The much debated James Ossuary, with an inscription reading ""James, son of Joseph, brother of Jesus," has still not been conclusively ruled a fake. Although no one doubts that it dates to the time of James and Jesus, there has been some question whether or not the inscription was a forgery. However, after having been ruled a fake early on by the Israel Antiquities Authority (IAA), many experts afterward questioned this finding and believed it to be authentic.

A couple of articles at the Biblical Archaeology Society website question the earlier findings.

For example, in an article excerpted from Theology Today 52:4, entitled "The James Ossuary and Its Implications," J.A. Fitzmeyer reminds the reader that...

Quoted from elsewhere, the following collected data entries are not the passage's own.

lemma finite_tensor_support:
  "finite {p. (\<lambda>(i, j). Poly_Mapping.lookup x i * Poly_Mapping.lookup y j) p \<noteq> (0::'k::field)}"
proof (rule finite_subset)
  show "{p. (\<lambda>(i, j). Poly_Mapping.lookup x i * Poly_Mapping.lookup y j) p \<noteq> 0}
        \<subseteq> Poly_Mapping.keys x \<times> Poly_Mapping.keys y"
    by (auto simp: in_keys_iff)
qed simp

lemma lookup_tensor [simp]:
  "Poly_Mapping.lookup (tensor x y) (i, j) = Poly_Mapping.lookup x i * Poly_Mapping.lookup y j"
  unfolding tensor_def by (simp add: finite_tensor_support)

lemma keys_tensor: "Poly_Mapping.keys (tensor x y) \<subseteq> Poly_Mapping.keys x \<times> Poly_Mapping.keys y"
  by (auto simp: in_keys_iff)

lemma tensor_fvs [simp]: "x \<in> fvs I \<Longrightarrow> y \<in> fvs J \<Longrightarrow> tensor x y \<in> fvs (I \<times> J)"
  using keys_tensor[of x y] by (auto simp: fvs_def)

lemma tensor_bv [simp]: "tensor (bv i) (bv j) = bv (i, j)"
  by (rule poly_mapping_eqI) (auto simp: lookup_single when_def split: if_splits)

lemma lin_map_tensor_left [simp]: "lin_map (\<lambda>x. tensor x y)"
  unfolding lin_map_def by (auto intro!: poly_mapping_eqI simp: lookup_add algebra_simps)

lemma lin_map_tensor_right [simp]: "lin_map (tensor x)"
  unfolding lin_map_def by (auto intro!: poly_mapping_eqI simp: lookup_add algebra_simps)

lemma lin_map_tensor_left_comp [simp]: "lin_map F \<Longrightarrow> lin_map (\<lambda>x. tensor (F x) y)"
  using lin_map_comp[OF lin_map_tensor_left] .

lemma lin_map_tensor_right_comp [simp]: "lin_map F \<Longrightarrow> lin_map (\<lambda>x. tensor y (F x))"
  using lin_map_comp[OF lin_map_tensor_right] .

lemma bilinear_eqI:
  assumes "\<And>y. lin_map (\<lambda>x. F x y)" "\<And>y. lin_map (\<lambda>x. G x y)"
    and "\<And>x. lin_map (F x)" "\<And>x. lin_map (G x)"
    and "\<And>i j. F (bv i) (bv j) = G (bv i) (bv j)"
  shows "F x y = G x y"
proof -
  have "F (bv i) y = G (bv i) y" for i
    by (rule lin_map_eqI[where F="F (bv i)"]) (use assms in auto)
  then show ?thesis
    using lin_map_eqI[of "\<lambda>x. F x y" "\<lambda>x. G x y"] assms by blast
qed

lemma lin_map_tmap [simp]: "lin_map (tmap f g)"
  by (simp add: tmap_def)

lemma tmap_bv [simp]: "tmap f g (bv (i, j)) = tensor (f (bv i)) (g (bv j))"
  by (simp add: tmap_def)

lemma tmap_tensor:
  assumes "lin_map_on I f" "lin_map_on J g" "x \<in> fvs I" "y \<in> fvs J"
  shows "tmap f g (tensor x y) = tensor (f x) (g y)"
proof -
  have "tmap f g (tensor (bv i) y) = tensor (f (bv i)) (g y)" for i
    by (rule lin_map_on_eqI[OF lin_map_imp_on[OF lin_map_comp[OF lin_map_tmap lin_map_tensor_right]]
          lin_map_on_comp_left[OF lin_map_tensor_right assms(2)] _ assms(4)]) simp
  then show ?thesis
    by (intro lin_map_on_eqI[OF lin_map_imp_on[OF lin_map_comp[OF lin_map_tmap lin_map_tensor_left]]
          lin_map_on_comp_left[OF lin_map_tensor_left assms(1)] _ assms(3)])
qed

lemma tmap_fvs:
  assumes "\<And>i. i \<in> I \<Longrightarrow> f (bv i) \<in> fvs I2" "\<And>j. j \<in> J \<Longrightarrow> g (bv j) \<in> fvs J2"
    and "x \<in> fvs (I \<times> J)"
  shows "tmap f g x \<in> fvs (I2 \<times> J2)"
  unfolding tmap_def
proof (rule lext_fvs)
  fix p assume "p \<in> Poly_Mapping.keys x"
  then obtain i j where "p = (i, j)" "i \<in> I" "j \<in> J" using assms(3) by (auto simp: fvs_def)
  then show "(case p of (i, j) \<Rightarrow> tensor (f (bv i)) (g (bv j))) \<in> fvs (I2 \<times> J2)"
    using assms(1,2) by simp
qed

lemma lin_map_assocl [simp]: "lin_map assocl"
  by (simp add: assocl_def)

lemma lin_map_assocr [simp]: "lin_map assocr"
  by (simp add: assocr_def)

lemma assocl_bv [simp]: "assocl (bv (a, (b, c))) = bv ((a, b), c)"
  by (simp add: assocl_def)

lemma assocr_bv [simp]: "assocr (bv ((a, b), c)) = bv (a, (b, c))"
  by (simp add: assocr_def)

lemma assocl_assocr [simp]: "assocl (assocr y) = y"
proof (rule lin_map_eqI[where F="\<lambda>y. assocl (assocr y)" and G="\<lambda>y. y"])
  show "assocl (assocr (bv k)) = bv k" for k :: "('a \<times> 'b) \<times> 'c"
    by (cases k) auto
qed (simp_all add: lin_map_comp[OF lin_map_assocl])

lemma assocl_fvs: "y \<in> fvs (A \<times> (B \<times> C)) \<Longrightarrow> assocl y \<in> fvs ((A \<times> B) \<times> C)"
  unfolding assocl_def by (rule lext_fvs) (auto simp: fvs_def split_beta)

lemma assocr_fvs: "y \<in> fvs ((A \<times> B) \<times> C) \<Longrightarrow> assocr y \<in> fvs (A \<times> (B \<times> C))"
  unfolding assocr_def by (rule lext_fvs) (auto simp: fvs_def split_beta)

lemma assocl_tensor: "assocl (tensor a (tensor b c)) = tensor (tensor a b) c"
proof -
  have basis: "assocl (tensor (bv i) (tensor (bv j) c)) = tensor (tensor (bv i) (bv j)) c" for i j
    by (rule lin_map_eqI[where F="\<lambda>c. assocl (tensor (bv i) (tensor (bv j) c))"])
       (simp_all add: lin_map_comp[OF lin_map_assocl])
  show ?thesis
    by (rule bilinear_eqI[where F="\<lambda>a b. assocl (tensor a (tensor b c))"])
       (simp_all add: lin_map_comp[OF lin_map_assocl] basis)
qed

lemma lin_map_mid_swap [simp]: "lin_map mid_swap"
  by (simp add: mid_swap_def)

lemma mid_swap_bv [simp]: "mid_swap (bv ((i, j), (i', j'))) = bv ((i, i'), (j, j'))"
  by (simp add: mid_swap_def)

lemma mid_swap_fvs: "y \<in> fvs ((I \<times> J) \<times> (I \<times> J)) \<Longrightarrow> mid_swap y \<in> fvs ((I \<times> I) \<times> (J \<times> J))"
  unfolding mid_swap_def by (rule lext_fvs) (auto simp: fvs_def split_beta)

lemma mid_swap_tensor:
  "mid_swap (tensor (tensor a b) (tensor a' b')) = tensor (tensor a a') (tensor b b')"
proof -
  have basis: "mid_swap (tensor (bv (i, j)) (tensor a' b'))
        = tensor (tensor (bv i) a') (tensor (bv j) b')" for i j
    by (rule bilinear_eqI[where F="\<lambda>a' b'. mid_swap (tensor (bv (i, j)) (tensor a' b'))"])
       (simp_all add: lin_map_comp[OF lin_map_mid_swap])
  show ?thesis
    by (rule bilinear_eqI[where F="\<lambda>a b. mid_swap (tensor (tensor a b) (tensor a' b'))"])
       (simp_all add: lin_map_comp[OF lin_map_mid_swap] basis)
qed

lemma hom_assoc_on_basisD:
  assumes "hom_assoc K mu al"
  shows "\<And>p q. p \<in> K \<Longrightarrow> q \<in> K \<Longrightarrow> al (mu (bv (p, q))) = mu (tensor (al (bv p)) (al (bv q)))"
    and "\<And>p q r. p \<in> K \<Longrightarrow> q \<in> K \<Longrightarrow> r \<in> K \<Longrightarrow>
           mu (tensor (al (bv p)) (mu (bv (q, r)))) = mu (tensor (mu (bv (p, q))) (al (bv r)))"
  using assms unfolding hom_assoc_def by (metis bv_in_fvs tensor_bv)+

lemma hom_assoc_map_eqs:
  fixes mu :: "('a \<times> 'a \<Rightarrow>\<^sub>0 'k::field) \<Rightarrow> ('a \<Rightarrow>\<^sub>0 'k)"
  assumes mu: "is_lin (K \<times> K) K mu" and al: "is_lin K K al"
    and mult: "\<And>p q. p \<in> K \<Longrightarrow> q \<in> K \<Longrightarrow> al (mu (bv (p, q))) = mu (tensor (al (bv p)) (al (bv q)))"
    and assoc: "\<And>p q r. p \<in> K \<Longrightarrow> q \<in> K \<Longrightarrow> r \<in> K \<Longrightarrow>
                  mu (tensor (al (bv p)) (mu (bv (q, r)))) = mu (tensor (mu (bv (p, q))) (al (bv r)))"
  shows "\<forall>y\<in>fvs (K \<times> K). al (mu y) = mu (tmap al al y)"
    and "\<forall>y\<in>fvs (K \<times> (K \<times> K)). mu (tmap al mu y) = mu (tmap mu al (assocl y))"
proof -
  have al_bv: "p \<in> K \<Longrightarrow> al (bv p) \<in> fvs K" for p using is_lin_fvs[OF al] by simp
  have mu_bv: "q \<in> K \<times> K \<Longrightarrow> mu (bv q) \<in> fvs K" for q using is_lin_fvs[OF mu] by simp
  note mu_on = is_lin_imp_lin_map_on[OF mu]
  show "\<forall>y\<in>fvs (K \<times> K). al (mu y) = mu (tmap al al y)"
  proof (rule ballI, rule lin_map_on_eqI[where F="\<lambda>y. al (mu y)" and G="\<lambda>y. mu (tmap al al y)"])
    show "lin_map_on (K \<times> K) (\<lambda>y. al (mu y))"
      by (rule lin_map_on_comp[OF mu_on is_lin_fvs[OF mu] is_lin_imp_lin_map_on[OF al]])
    show "lin_map_on (K \<times> K) (\<lambda>y. mu (tmap al al y))"
      by (rule lin_map_on_comp_right[OF mu_on lin_map_tmap]) (rule tmap_fvs, simp_all add: al_bv)
  qed (use mult in auto)
  show "\<forall>y\<in>fvs (K \<times> (K \<times> K)). mu (tmap al mu y) = mu (tmap mu al (assocl y))"
  proof (rule ballI, rule lin_map_on_eqI[where F="\<lambda>y. mu (tmap al mu y)"
        and G="\<lambda>y. mu (tmap mu al (assocl y))"])
    show "lin_map_on (K \<times> (K \<times> K)) (\<lambda>y. mu (tmap al mu y))"
      by (rule lin_map_on_comp_right[OF mu_on lin_map_tmap]) (rule tmap_fvs, simp_all add: al_bv mu_bv)
    show "lin_map_on (K \<times> (K \<times> K)) (\<lambda>y. mu (tmap mu al (assocl y)))"
      by (rule lin_map_on_comp_right[OF mu_on lin_map_comp[OF lin_map_tmap lin_map_assocl]])
         (rule tmap_fvs[where I="K \<times> K" and J=K], auto simp: al_bv mu_bv intro: assocl_fvs)
  qed (use assoc in auto)
qed

lemma hom_assoc_on_basisI:
  fixes mu :: "('a \<times> 'a \<Rightarrow>\<^sub>0 'k::field) \<Rightarrow> ('a \<Rightarrow>\<^sub>0 'k)"
  assumes mu: "is_lin (K \<times> K) K mu" and al: "is_lin K K al"
    and mult: "\<And>p q. p \<in> K \<Longrightarrow> q \<in> K \<Longrightarrow> al (mu (bv (p, q))) = mu (tensor (al (bv p)) (al (bv q)))"
    and assoc: "\<And>p q r. p \<in> K \<Longrightarrow> q \<in> K \<Longrightarrow> r \<in> K \<Longrightarrow>
                  mu (tensor (al (bv p)) (mu (bv (q, r)))) = mu (tensor (mu (bv (p, q))) (al (bv r)))"
  shows "hom_assoc K mu al"
proof -
  note eqs = hom_assoc_map_eqs[OF mu al mult assoc]
  note mu_on = is_lin_imp_lin_map_on[OF mu] and al_on = is_lin_imp_lin_map_on[OF al]
  have "al (mu (tensor a a')) = mu (tensor (al a) (al a'))" if "a \<in> fvs K" "a' \<in> fvs K" for a a'
    using eqs(1) tmap_tensor[OF al_on al_on that] that by simp
  moreover have "mu (tensor (al a) (mu (tensor a' a''))) = mu (tensor (mu (tensor a a')) (al a''))"
    if "a \<in> fvs K" "a' \<in> fvs K" "a'' \<in> fvs K" for a a' a''
  proof -
    have "mu (tensor (al a) (mu (tensor a' a''))) = mu (tmap al mu (tensor a (tensor a' a'')))"
      using tmap_tensor[OF al_on mu_on] that by simp
    also have "\<dots> = mu (tmap mu al (tensor (tensor a a') a''))"
      using eqs(2) that by (simp add: assocl_tensor)
    also have "\<dots> = mu (tensor (mu (tensor a a')) (al a''))"
      using tmap_tensor[OF mu_on al_on] that by simp
    finally show ?thesis .
  qed
  ultimately show ?thesis
    unfolding hom_assoc_def using mu al by blast
qed

lemma lin_map_tensor_mult [simp]: "lin_map (tensor_mult muA muB)"
  unfolding tensor_mult_def comp_def by (rule lin_map_comp[OF lin_map_tmap lin_map_mid_swap])

lemma tensor_mult_bv [simp]:
  "tensor_mult muA muB (bv ((i, j), (i', j'))) = tensor (muA (bv (i, i'))) (muB (bv (j, j')))"
  by (simp add: tensor_mult_def)

lemma tensor_mult_tensor:
  assumes "lin_map_on (I \<times> I) muA" "lin_map_on (J \<times> J) muB"
    and "a \<in> fvs I" "a' \<in> fvs I" "b \<in> fvs J" "b' \<in> fvs J"
  shows "tensor_mult muA muB (tensor (tensor a b) (tensor a' b'))
         = tensor (muA (tensor a a')) (muB (tensor b b'))"
  unfolding tensor_mult_def comp_def mid_swap_tensor
  by (rule tmap_tensor[OF assms(1,2)]) (simp_all add: assms)

lemma is_lin_tmap:
  "is_lin I I2 f \<Longrightarrow> is_lin J J2 g \<Longrightarrow> is_lin (I \<times> J) (I2 \<times> J2) (tmap f g)"
  by (intro is_linI lin_map_tmap tmap_fvs) (auto intro: is_lin_fvs)

lemma is_lin_tensor_mult:
  fixes muA :: "('i \<times> 'i \<Rightarrow>\<^sub>0 'k::field) \<Rightarrow> ('i \<Rightarrow>\<^sub>0 'k)"
    and muB :: "('j \<times> 'j \<Rightarrow>\<^sub>0 'k) \<Rightarrow> ('j \<Rightarrow>\<^sub>0 'k)"
  assumes "is_lin (I \<times> I) I muA" "is_lin (J \<times> J) J muB"
  shows "is_lin ((I \<times> J) \<times> (I \<times> J)) (I \<times> J) (tensor_mult muA muB)"
proof (rule is_linI)
  fix x :: "('i \<times> 'j) \<times> ('i \<times> 'j) \<Rightarrow>\<^sub>0 'k" assume "x \<in> fvs ((I \<times> J) \<times> (I \<times> J))"
  then have "mid_swap x \<in> fvs ((I \<times> I) \<times> (J \<times> J))" by (rule mid_swap_fvs)
  then show "tensor_mult muA muB x \<in> fvs (I \<times> J)"
    unfolding tensor_mult_def comp_def
    by (rule tmap_fvs[rotated 2]) (auto intro: is_lin_fvs[OF assms(1)] is_lin_fvs[OF assms(2)])
qed simp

(a) The ossuary had been examined by scientists of the Geological Survey of Israel and also by expert curators at the Royal Ontario Museum in Toronto; neither of these teams concluded that the ossuary or its inscription was fake. In fact, the scientists of GSI went out of their way to stress that “the patina does not contain any modern elements (such as modern pigments) and it adheres firmly to the surface. No signs of the use of a modern tool or instrument was [sic] found.” (b) The reaction of the IAA is simply the same as the attitude of most archaeologists about artifacts obtained from antiquities-dealers, as already mentioned. Only now, it has become a matter of politicized archaeology, advocated by the highest authority on antiquities in the State of Israel.

In addition, Edward J. Keall, in an article entitled "New Tests Bolster Case for Authenticity," concludes that...

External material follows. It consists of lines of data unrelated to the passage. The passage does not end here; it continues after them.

text \<open>Eisenstein applied to cyclo_poly p (x + 1) with the prime p.\<close>

lemma cyclo_poly_no_int_factorisation:
  assumes p: "prime p" and fac: "cyclo_poly p = A * B"
    and dA: "degree A \<ge> 1" and dB: "degree B \<ge> 1"
  shows False
proof -
  define P where "P = pcompose (cyclo_poly p) [:1, 1:]"
  have p0: "p > 0"
    using p by (simp add: prime_gt_0_nat)
  have coeff_P: "coeff P i = (if i < p then int (p choose Suc i) else 0)" for i
    unfolding P_def by (rule coeff_cyclo_poly_shift)
  have deg: "degree P = p - 1"
    unfolding P_def by (rule degree_cyclo_poly_shift[OF p0])
  show False
  proof (rule eisenstein_criterion)
    show "prime (int p)"
      using p by simp
    show "P = pcompose A [:1, 1:] * pcompose B [:1, 1:]"
      by (simp add: P_def fac pcompose_mult)
    show "\<forall>i<degree P. int p dvd coeff P i"
      using dvd_choose_prime[of _ p] p by (auto simp: coeff_P deg)
    show "\<not> int p dvd lead_coeff P"
      using p p0 prime_gt_1_nat[OF p] by (simp add: deg coeff_P)
    show "\<not> int p ^ 2 dvd coeff P 0"
      using p p0 by (auto simp: coeff_P power2_eq_square prime_gt_1_nat)
    show "degree (pcompose A [:1, 1:]) \<ge> 1" "degree (pcompose B [:1, 1::int:]) \<ge> 1"
      using dA dB by (simp_all add: degree_pcompose)
  qed
qed

text \<open>By Gauss's lemma the same holds over the rationals.\<close>

lemma cyclo_poly_no_rat_factorisation:
  fixes g h :: "rat poly"
  assumes p: "prime p" and fac: "map_poly of_int (cyclo_poly p) = g * h"
    and dg: "degree g \<ge> 1" and dh: "degree h \<ge> 1"
  shows False
proof -
  obtain g' h' where "cyclo_poly p = g' * h'" "degree g' = degree g" "degree h' = degree h"
    using rat_to_int_factor[OF fac] by blast
  then show False
    using cyclo_poly_no_int_factorisation[OF p] dg dh by metis
qed

lemma sum_powers_root_of_unity:
  fixes z :: complex
  assumes "z ^ p = 1" "z \<noteq> 1"
  shows "(\<Sum>i<p. z ^ i) = 0"
proof -
  have "(z - 1) * (\<Sum>i<p. z ^ i) = 0"
    using power_diff_1_eq[of z p] assms by simp
  then show ?thesis
    using assms by simp
qed

interpretation of_rat_poly_hom: map_poly_idom_hom "of_rat :: rat \<Rightarrow> complex" ..

text \<open>A primitive p-th root of unity is not a root of a nonzero rational polynomial of
   degree < p - 1: the gcd of such a polynomial with the irreducible cyclotomic polynomial would be
   a constant vanishing at z.\<close>

lemma rat_poly_root_of_unity_eq_0:
  fixes z :: complex and Q :: "rat poly"
  assumes p: "prime p" and z: "z ^ p = 1" "z \<noteq> 1"
    and deg: "degree Q < p - 1" and root: "poly (map_poly of_rat Q) z = 0"
  shows "Q = 0"
proof (rule ccontr)
  assume "Q \<noteq> 0"
  define F :: "rat poly" where "F = map_poly of_int (cyclo_poly p)"
  have "map_poly (of_rat :: rat \<Rightarrow> complex) F = map_poly of_int (cyclo_poly p)"
    unfolding F_def by (simp add: map_poly_map_poly o_def)
  then have F_root: "poly (map_poly of_rat F) z = 0"
    using sum_powers_root_of_unity[OF z]
    by (simp add: cyclo_poly_def of_int_poly_hom.hom_sum poly_sum of_int_poly_hom.hom_power)
  define G where "G = gcd Q F"
  obtain H where FGH: "F = G * H"
    unfolding G_def by (meson dvdE gcd_dvd2)
  have "degree G \<le> degree Q"
    unfolding G_def by (rule dvd_imp_degree_le[OF gcd_dvd1 \<open>Q \<noteq> 0\<close>])
  moreover have "degree F = p - 1"
    unfolding F_def using degree_cyclo_poly[of p] p by (simp add: prime_gt_0_nat)
  moreover have "F \<noteq> 0"
    using calculation deg by auto
  ultimately have "degree H \<ge> 1"
    using FGH deg \<open>F \<noteq> 0\<close> by (auto simp: degree_mult_eq)
  then have "degree G = 0"
    using cyclo_poly_no_rat_factorisation[OF p FGH[unfolded F_def]] by fastforce
  then obtain a where G_const: "G = [:a:]"
    using degree_0_id by metis
  obtain x y where "x * Q + y * F = G"
    unfolding G_def using bezout_coefficients_fst_snd by blast
  then have "poly (map_poly (of_rat :: rat \<Rightarrow> complex) G) z = 0"
    using root F_root by (auto simp: of_rat_poly_hom.hom_add of_rat_poly_hom.hom_mult)
  then have "G = 0"
    unfolding G_const
    by (metis map_poly_pCons map_poly_0 poly_pCons poly_0 of_rat_eq_0_iff add_0_right
        mult_zero_right pCons_0_0)
  then show False
    using \<open>F \<noteq> 0\<close> FGH by simp
qed

lemma integer_relation_root_of_unity:
  fixes z :: complex and c :: "nat \<Rightarrow> int"
  assumes p: "prime p" and z: "z ^ p = 1" "z \<noteq> 1"
    and rel: "(\<Sum>i<p. of_int (c i) * z ^ i) = 0"
  shows "\<forall>i<p. c i = c 0"
proof -
  have p1: "p > 1"
    using p prime_gt_1_nat by blast
  then have split_p: "{..<p} = insert (p - 1) {..<p - 1}"
    by auto
  define d where "d i = c i - c (p - 1)" for i
  have "(\<Sum>i<p. of_int (d i) * z ^ i)
          = (\<Sum>i<p. of_int (c i) * z ^ i) - of_int (c (p - 1)) * (\<Sum>i<p. z ^ i)"
    unfolding sum_distrib_left sum_subtractf[symmetric]
    by (rule sum.cong) (simp_all add: d_def left_diff_distrib)
  also have "\<dots> = 0"
    using rel sum_powers_root_of_unity[OF z] by simp
  finally have d_rel: "(\<Sum>i<p - 1. of_int (d i) * z ^ i) = 0"
    unfolding split_p by (simp add: d_def)
  define Q :: "rat poly" where "Q = (\<Sum>i<p - 1. monom (of_int (d i)) i)"
  have "poly (map_poly of_rat Q) z = 0"
    unfolding Q_def using d_rel by (simp add: of_rat_poly_hom.hom_sum poly_sum poly_monom)
  moreover have "degree Q < p - 1"
    unfolding Q_def
    by (rule degree_sum_less) (use p1 in \<open>auto intro: le_less_trans[OF degree_monom_le]\<close>)
  ultimately have "Q = 0"
    using rat_poly_root_of_unity_eq_0[OF p z] by blast
  have "d i = 0" if "i < p - 1" for i
  proof -
    have "coeff Q i = of_int (d i)"
      unfolding Q_def coeff_sum coeff_monom using that by simp
    then show ?thesis
      using \<open>Q = 0\<close> by simp
  qed
  then have same: "c i = c (p - 1)" if "i < p" for i
    using that by (cases "i = p - 1") (auto simp: d_def)
  show ?thesis
  proof (intro allI impI)
    fix i assume "i < p"
    then show "c i = c 0"
      using same[of i] same[of 0] p1 by simp
  qed
qed

lemma level_counts_from_single_term:
  fixes z :: complex and N :: "nat \<Rightarrow> nat" and w :: int
  assumes p: "prime p" and z: "z ^ p = 1" "z \<noteq> 1" and j: "j < p"
    and sum_eq: "(\<Sum>i<p. of_nat (N i) * z ^ i) = of_int w * z ^ j"
    and i: "i < p"
  shows "int p * (int (N i) - (if i = j then w else 0)) = int (\<Sum>i<p. N i) - w"
proof -
  define a where "a i = int (N i) - (if i = j then w else 0)" for i
  have "(\<Sum>i<p. of_int (a i) * z ^ i)
          = (\<Sum>i<p. of_nat (N i) * z ^ i) - (\<Sum>i<p. if i = j then of_int w * z ^ i else 0)"
    unfolding sum_subtractf[symmetric] by (rule sum.cong) (simp_all add: a_def left_diff_distrib)
  also have "\<dots> = 0"
    using sum_eq j by simp
  finally have a_const: "\<forall>i<p. a i = a 0"
    by (rule integer_relation_root_of_unity[OF p z])
  have "int (\<Sum>i<p. N i) - w = (\<Sum>i<p. a i)"
    using j by (simp add: a_def sum_subtractf)
  also have "\<dots> = (\<Sum>_<p. a i)"
  proof (rule sum.cong)
    show "a k = a i" if "k \<in> {..<p}" for k
      using a_const i that by (metis lessThan_iff)
  qed simp
  also have "\<dots> = int p * a i"
    by simp
  finally show ?thesis
    by (simp add: a_def)
qed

The studies we [at the Royal Ontario Museum] conducted have convinced us that the ossuary and its inscription are genuinely ancient and not a modern forgery. This conclusion, of course, is consistent with the findings of leading Semitic paleographers and Aramaic linguists, as well as the Geological Survey of Israel, and contradicts those who assert that the inscription must be a forgery simply because it is "too good to be true" or because it surfaced on the antiquities market rather than having been found in a professional archaeological excavation.